Before Making Any Changes, Understand Existing Credit Volumes  

Before turning on the self-pay credits redistribution and automatic self-pay refund requests features, examine your current patient credit balance accounts. Do you have thousands of small balance credits you’re finding during audits? Are there specific scenarios that take staff extra time to resolve?

Understanding your existing credit volume will help you define which credits you are comfortable automating and which, if any, should remain manual. When you have completed this analysis, share it with your Epic team resources.

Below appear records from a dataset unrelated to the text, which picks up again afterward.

(* Let $n\ge1$, $m\ge0$ and let $v,u$ be vertices of the Yoke graph $Y_{n,m}$. Then $d_{Y_{n,m}}(v,u)=d_{Z_{n,m}}(v-u,0)$, where $v-u=(v_0-u_0,\dots,v_{m+1}-u_{m+1})$ (differences in coordinates $0,m+1$ taken in $\mathbb{Z}_n$, in coordinates $1,\dots,m$ in $\mathbb{Z}$), which is a vertex of $Z_{n,m}$, and $d_G$ denotes graph distance in $G$.
   Context: Elements of $\mathbb{Z}_n$ are identified with representatives in $\{0,\dots,n-1\}$. For $S\subseteq\mathbb{Z}$, consider vertices $u=(u_0,\dots,u_{m+1})\in\mathbb{Z}_n\times S^m\times\mathbb{Z}_n$ with $\sum u_i\equiv0\pmod n$; $u,v$ adjacent if there is $0\leq i\leq m$ with $u_j=v_j$ for $j\notin\{i,i+1\}$ and either ($u_i=v_i+1$, $u_{i+1}=v_{i+1}-1$) or ($u_i=v_i-1$, $u_{i+1}=v_{i+1}+1$), arithmetic in coordinates $0,m+1$ being in $\mathbb{Z}_n$ and in coordinates $1,\dots,m$ in $\mathbb{Z}$. $Y_{n,m}$ is the case $S=\{0,1\}$ and $Z_{n,m}$ the case $S=\{-1,0,1\}$. $0$ is the all-zero vertex. *)

theory Defs
  imports Main "HOL-Library.Extended_Nat"
begin

text \<open>Vertices are integer lists of length m+2, indexed 0..m+1. Coordinates 0 and m+1
  are elements of Z_n represented in {0..n-1}; coordinates 1..m lie in S.\<close>

definition vert :: "nat \<Rightarrow> nat \<Rightarrow> int set \<Rightarrow> int list set" where
  "vert n m S = {u. length u = m + 2 \<and> u ! 0 \<in> {0..<int n} \<and> u ! (m+1) \<in> {0..<int n}
      \<and> (\<forall>j\<in>{1..m}. u ! j \<in> S) \<and> sum_list u mod int n = 0}"

definition cnorm :: "nat \<Rightarrow> nat \<Rightarrow> nat \<Rightarrow> int \<Rightarrow> int" where
  "cnorm n m j x = (if j = 0 \<or> j = m + 1 then x mod int n else x)"

definition adj :: "nat \<Rightarrow> nat \<Rightarrow> int set \<Rightarrow> int list \<Rightarrow> int list \<Rightarrow> bool" where
  "adj n m S u v \<longleftrightarrow> u \<in> vert n m S \<and> v \<in> vert n m S \<and>
     (\<exists>i\<le>m. (\<forall>j<m+2. j \<noteq> i \<and> j \<noteq> i + 1 \<longrightarrow> u ! j = v ! j) \<and>
        ((u ! i = cnorm n m i (v ! i + 1) \<and> u ! (i+1) = cnorm n m (i+1) (v ! (i+1) - 1)) \<or>
         (u ! i = cnorm n m i (v ! i - 1) \<and> u ! (i+1) = cnorm n m (i+1) (v ! (i+1) + 1))))"

definition Yadj :: "nat \<Rightarrow> nat \<Rightarrow> int list \<Rightarrow> int list \<Rightarrow> bool" where
  "Yadj n m = adj n m {0, 1}"

definition Zadj :: "nat \<Rightarrow> nat \<Rightarrow> int list \<Rightarrow> int list \<Rightarrow> bool" where
  "Zadj n m = adj n m {-1, 0, 1}"

definition gdist :: "('a \<Rightarrow> 'a \<Rightarrow> bool) \<Rightarrow> 'a \<Rightarrow> 'a \<Rightarrow> enat" where
  "gdist A x y = Inf {enat k | k. (A ^^ k) x y}"

definition vsub :: "nat \<Rightarrow> nat \<Rightarrow> int list \<Rightarrow> int list \<Rightarrow> int list" where
  "vsub n m v u = map (\<lambda>j. cnorm n m j (v ! j - u ! j)) [0..<m+2]"

end

theory Submission
  imports Defs
begin

text \<open>A walk in either graph induces a flow: an integer f j for every edge between coordinates j
  and j + 1, counting the net number of units moved across it, whose cost, the sum of the
  absolute values of the f j, is at most the length of the walk. Flows from v to u are the same
  as flows from v - u to 0, and subtracting u maps edges of Y to edges of Z. Conversely, a flow
  between two vertices of Y is realised greedily by a walk of exactly its cost: while the flow
  is nonzero, following a run of positive (or negative) flow leads to a place where one unit can
  be moved in the direction of the flow without leaving {0, 1}. Hence both distances equal the
  least cost of a flow from v to u.\<close>

lemma cnorm_dvd: "int n dvd cnorm n m j t - t"
  unfolding cnorm_def by (auto simp: mod_eq_dvd_iff[symmetric])

lemma cnorm_mod: "cnorm n m j t mod int n = t mod int n"
  unfolding cnorm_def by auto

lemma cnorm_cnorm_add: "cnorm n m j (cnorm n m j a + b) = cnorm n m j (a + b)"
  unfolding cnorm_def by (auto simp: mod_add_left_eq)

lemma cnorm_cnorm_diff: "cnorm n m j (cnorm n m j a - b) = cnorm n m j (a - b)"
  unfolding cnorm_def by (auto simp: mod_diff_left_eq)

lemma cnorm_inner: "1 \<le> j \<Longrightarrow> j \<le> m \<Longrightarrow> cnorm n m j t = t"
  unfolding cnorm_def by auto

lemma cnorm_outer_range: "n \<ge> 1 \<Longrightarrow> j = 0 \<or> j = m + 1 \<Longrightarrow> cnorm n m j t \<in> {0..<int n}"
  unfolding cnorm_def by auto

lemma cnorm_vert: "v \<in> vert n m S \<Longrightarrow> j < m + 2 \<Longrightarrow> cnorm n m j (v ! j) = v ! j"
  unfolding cnorm_def vert_def by auto

lemma vsub_nth: "j < m + 2 \<Longrightarrow> vsub n m v u ! j = cnorm n m j (v ! j - u ! j)"
  unfolding vsub_def by (simp del: upt_Suc)

lemma vsub_self: "vsub n m u u = replicate (m + 2) 0"
  by (rule nth_equalityI) (auto simp: vsub_def cnorm_def simp del: upt_Suc replicate_Suc)

lemma sum_list_eq_sum_nth: "length v = m + 2 \<Longrightarrow> sum_list v = (\<Sum>j<m + 2. v ! j)"
  by (simp add: sum_list_sum_nth atLeast0LessThan)

lemma vsub_vert:
  assumes n: "n \<ge> 1" and v: "v \<in> vert n m S" and u: "u \<in> vert n m T"
  shows "vsub n m v u \<in> vert n m {a - b |a b. a \<in> S \<and> b \<in> T}"
proof -
  have len: "length (vsub n m v u) = m + 2" by (simp add: vsub_def)
  have "vsub n m v u ! j \<in> {a - b |a b. a \<in> S \<and> b \<in> T}" if j: "j \<in> {1..m}" for j
  proof -
    have "v ! j \<in> S" "u ! j \<in> T" using v u j by (auto simp: vert_def)
    then show ?thesis using j by (auto simp: vsub_nth cnorm_inner)
  qed
  moreover have "sum_list (vsub n m v u) mod int n = 0"
  proof -
    have "sum_list (vsub n m v u) = (\<Sum>j<m + 2. cnorm n m j (v ! j - u ! j))"
      using len by (simp add: sum_list_eq_sum_nth vsub_nth)
    then have "sum_list (vsub n m v u) mod int n
        = (\<Sum>j<m + 2. cnorm n m j (v ! j - u ! j) mod int n) mod int n"
      by (simp only: mod_sum_eq)
    also have "\<dots> = (\<Sum>j<m + 2. v ! j - u ! j) mod int n"
      by (simp only: cnorm_mod mod_sum_eq)
    also have "\<dots> = (sum_list v - sum_list u) mod int n"
      using v u by (simp add: vert_def sum_list_eq_sum_nth sum_subtractf)
    also have "\<dots> = 0"
      using v u by (simp add: vert_def mod_diff_eq[symmetric])
    finally show ?thesis .
  qed
  ultimately show ?thesis
    using len cnorm_outer_range[OF n] by (simp add: vert_def vsub_nth)
qed

section \<open>Moving one unit between neighbouring coordinates\<close>

definition move_unit :: "nat \<Rightarrow> nat \<Rightarrow> nat \<Rightarrow> int \<Rightarrow> int list \<Rightarrow> int list" where
  "move_unit n m j d x =
     x[j := cnorm n m j (x ! j + d), j + 1 := cnorm n m (j + 1) (x ! (j + 1) - d)]"

lemma length_move_unit [simp]: "length (move_unit n m j d x) = length x"
  by (simp add: move_unit_def)

lemma move_unit_nth:
  assumes "length x = m + 2" "j \<le> m" "k < m + 2"
  shows "move_unit n m j d x ! k =
    (if k = j then cnorm n m j (x ! j + d)
     else if k = j + 1 then cnorm n m (j + 1) (x ! (j + 1) - d) else x ! k)"
  using assms by (auto simp: move_unit_def nth_list_update)

lemma sum_list_list_update:
  fixes xs :: "'a::ab_group_add list"
  shows "k < length xs \<Longrightarrow> sum_list (xs[k := x]) = sum_list xs + x - xs ! k"
  by (induction xs arbitrary: k) (auto split: nat.split)

lemma move_unit_vert:
  assumes n: "n \<ge> 1" and x: "x \<in> vert n m S" and j: "j \<le> m"
    and left: "j = 0 \<or> x ! j + d \<in> S" and right: "j = m \<or> x ! (j + 1) - d \<in> S"
  shows "move_unit n m j d x \<in> vert n m S"
proof -
  let ?y = "move_unit n m j d x"
  have len: "length x = m + 2" using x by (simp add: vert_def)
  have nth: "?y ! k = (if k = j then cnorm n m j (x ! j + d)
     else if k = j + 1 then cnorm n m (j + 1) (x ! (j + 1) - d) else x ! k)" if "k < m + 2" for k
    using move_unit_nth[OF len j that] .
  have first: "?y ! 0 \<in> {0..<int n}"
    using nth[of 0] x cnorm_outer_range[OF n] by (cases "j = 0") (simp_all add: vert_def)
  have last: "?y ! (m + 1) \<in> {0..<int n}"
    using nth[of "m + 1"] x j cnorm_outer_range[OF n] by (cases "j = m") (simp_all add: vert_def)
  have inner: "?y ! k \<in> S" if k: "k \<in> {1..m}" for k
  proof -
    consider "k = j" | "k = j + 1" | "k \<noteq> j" "k \<noteq> j + 1" by blast
    then show ?thesis
    proof cases
      case 1
      then show ?thesis using k left nth[of k] by (simp add: cnorm_inner)
    next
      case 2
      then show ?thesis using k right nth[of k] by (simp add: cnorm_inner)
    next
      case 3
      then show ?thesis using k x nth[of k] by (simp add: vert_def)
    qed
  qed
  have "sum_list ?y = sum_list x + (cnorm n m j (x ! j + d) - (x ! j + d))
      + (cnorm n m (j + 1) (x ! (j + 1) - d) - (x ! (j + 1) - d))"
    using len j by (simp add: move_unit_def sum_list_list_update nth_list_update)
  moreover have "int n dvd sum_list x"
    using x by (simp add: vert_def dvd_eq_mod_eq_0)
  ultimately have "int n dvd sum_list ?y"
    by (simp only:) (intro dvd_add cnorm_dvd)
  then show ?thesis
    using len first last inner by (simp add: vert_def)
qed

lemma adj_move_unit:
  assumes x: "x \<in> vert n m S" and y: "move_unit n m j d x \<in> vert n m S"
    and j: "j \<le> m" and d: "d \<in> {1, -1}"
  shows "adj n m S x (move_unit n m j d x)"
proof -
  have len: "length x = m + 2" using x by (simp add: vert_def)
  have "x ! j = cnorm n m j (move_unit n m j d x ! j - d)"
    "x ! (j + 1) = cnorm n m (j + 1) (move_unit n m j d x ! (j + 1) + d)"
    using j cnorm_vert[OF x, of j] cnorm_vert[OF x, of "j + 1"]
    by (simp_all add: move_unit_nth[OF len j] cnorm_cnorm_add cnorm_cnorm_diff)
  then show ?thesis
    using x y j d move_unit_nth[OF len j] unfolding adj_def by (auto intro!: exI[of _ j])
qed

lemma adj_imp_move_unit:
  assumes "adj n m S x y"
  obtains j d where "j \<le> m" "d \<in> {1, -1}" "y = move_unit n m j d x"
proof -
  obtain i where i: "i \<le> m" and x: "x \<in> vert n m S" and y: "y \<in> vert n m S"
    and same: "\<forall>k<m + 2. k \<noteq> i \<and> k \<noteq> i + 1 \<longrightarrow> x ! k = y ! k"
    and step: "(x ! i = cnorm n m i (y ! i + 1) \<and> x ! (i + 1) = cnorm n m (i + 1) (y ! (i + 1) - 1)) \<or>
      (x ! i = cnorm n m i (y ! i - 1) \<and> x ! (i + 1) = cnorm n m (i + 1) (y ! (i + 1) + 1))"
    using assms unfolding adj_def by blast
  have len: "length x = m + 2" "length y = m + 2" using x y by (simp_all add: vert_def)
  have yi: "cnorm n m i (y ! i) = y ! i" and yi1: "cnorm n m (i + 1) (y ! (i + 1)) = y ! (i + 1)"
    using cnorm_vert[OF y] i by simp_all
  from step obtain d where d: "d \<in> {1, -1}"
    and "y ! i = cnorm n m i (x ! i + d)" "y ! (i + 1) = cnorm n m (i + 1) (x ! (i + 1) - d)"
  proof (elim disjE conjE)
    assume "x ! i = cnorm n m i (y ! i + 1)" "x ! (i + 1) = cnorm n m (i + 1) (y ! (i + 1) - 1)"
    then show thesis
      using that[of "-1"] yi yi1 by (simp add: cnorm_cnorm_add cnorm_cnorm_diff)
  next
    assume "x ! i = cnorm n m i (y ! i - 1)" "x ! (i + 1) = cnorm n m (i + 1) (y ! (i + 1) + 1)"
    then show thesis
      using that[of 1] yi yi1 by (simp add: cnorm_cnorm_add cnorm_cnorm_diff)
  qed
  then have "y = move_unit n m i d x"
    using len same i by (intro nth_equalityI) (auto simp: move_unit_nth)
  then show ?thesis using that i d by blast
qed

lemma vsub_move_unit:
  assumes "length x = m + 2" "j \<le> m"
  shows "vsub n m (move_unit n m j d x) u = move_unit n m j d (vsub n m x u)"
proof (rule nth_equalityI)
  fix k assume "k < length (vsub n m (move_unit n m j d x) u)"
  then have k: "k < m + 2" by (simp add: vsub_def)
  have "length (vsub n m x u) = m + 2" by (simp add: vsub_def)
  then show "vsub n m (move_unit n m j d x) u ! k = move_unit n m j d (vsub n m x u) ! k"
    using assms k by (simp add: vsub_nth move_unit_nth cnorm_cnorm_add cnorm_cnorm_diff
        diff_add_eq diff_right_commute)
qed (simp add: vsub_def)

lemma adj_vsub:
  assumes n: "n \<ge> 1" and u: "u \<in> vert n m T" and xy: "adj n m S x y"
  shows "adj n m {a - b |a b. a \<in> S \<and> b \<in> T} (vsub n m x u) (vsub n m y u)"
proof -
  obtain j d where j: "j \<le> m" and d: "d \<in> {1, -1}" and y: "y = move_unit n m j d x"
    using adj_imp_move_unit[OF xy] .
  have x: "x \<in> vert n m S" using xy by (simp add: adj_def)
  then have moved: "vsub n m y u = move_unit n m j d (vsub n m x u)"
    using y j vsub_move_unit by (simp add: vert_def)
  have "vsub n m y u \<in> vert n m {a - b |a b. a \<in> S \<and> b \<in> T}"
    using xy vsub_vert[OF n _ u] by (simp add: adj_def)
  then show ?thesis
    unfolding moved using adj_move_unit[OF vsub_vert[OF n x u] _ j d] by simp
qed

lemma relpowp_map:
  assumes "\<And>x y. A x y \<Longrightarrow> B (h x) (h y)"
  shows "(A ^^ k) x y \<Longrightarrow> (B ^^ k) (h x) (h y)"
proof (induction k arbitrary: y)
  case (Suc k)
  then show ?case using assms by (auto intro: relpowp_Suc_I)
qed simp

section \<open>Flows\<close>

text \<open>A flow f from x to y records in f j the net number of units moved from coordinate j + 1
  to coordinate j; only the values for j \<le> m matter.\<close>

definition flow :: "nat \<Rightarrow> nat \<Rightarrow> int list \<Rightarrow> int list \<Rightarrow> (nat \<Rightarrow> int) \<Rightarrow> bool" where
  "flow n m x y f \<longleftrightarrow> int n dvd y ! 0 - x ! 0 - f 0
     \<and> (\<forall>j\<in>{1..m}. y ! j = x ! j + f j - f (j - 1))
     \<and> int n dvd y ! (m + 1) - x ! (m + 1) + f m"

definition flow_cost :: "nat \<Rightarrow> (nat \<Rightarrow> int) \<Rightarrow> nat" where
  "flow_cost m f = (\<Sum>j\<le>m. nat \<bar>f j\<bar>)"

They will use your input to create logic to select which credits to automatically resolve, to prioritize debit balances for resolution—e.g., oldest balance or highest balance accounts first—and to build work queues to review automated refunds prior to posting (optional). The following sections contain more detail about how your organization can approach this project.

It’s equally important in the analysis of existing self-pay credits to decide what limits you will set. For example, your hospital could decide to set a cap on the dollar amount to automatically refund—some choose $1,000. Your organization could decide not to redistribute credits from active accounts receivable to bad debt if it will be obligated to relinquish a percentage to a collection agency. Document any restrictions you want to set around automation and share that with your Epic team to guide their project.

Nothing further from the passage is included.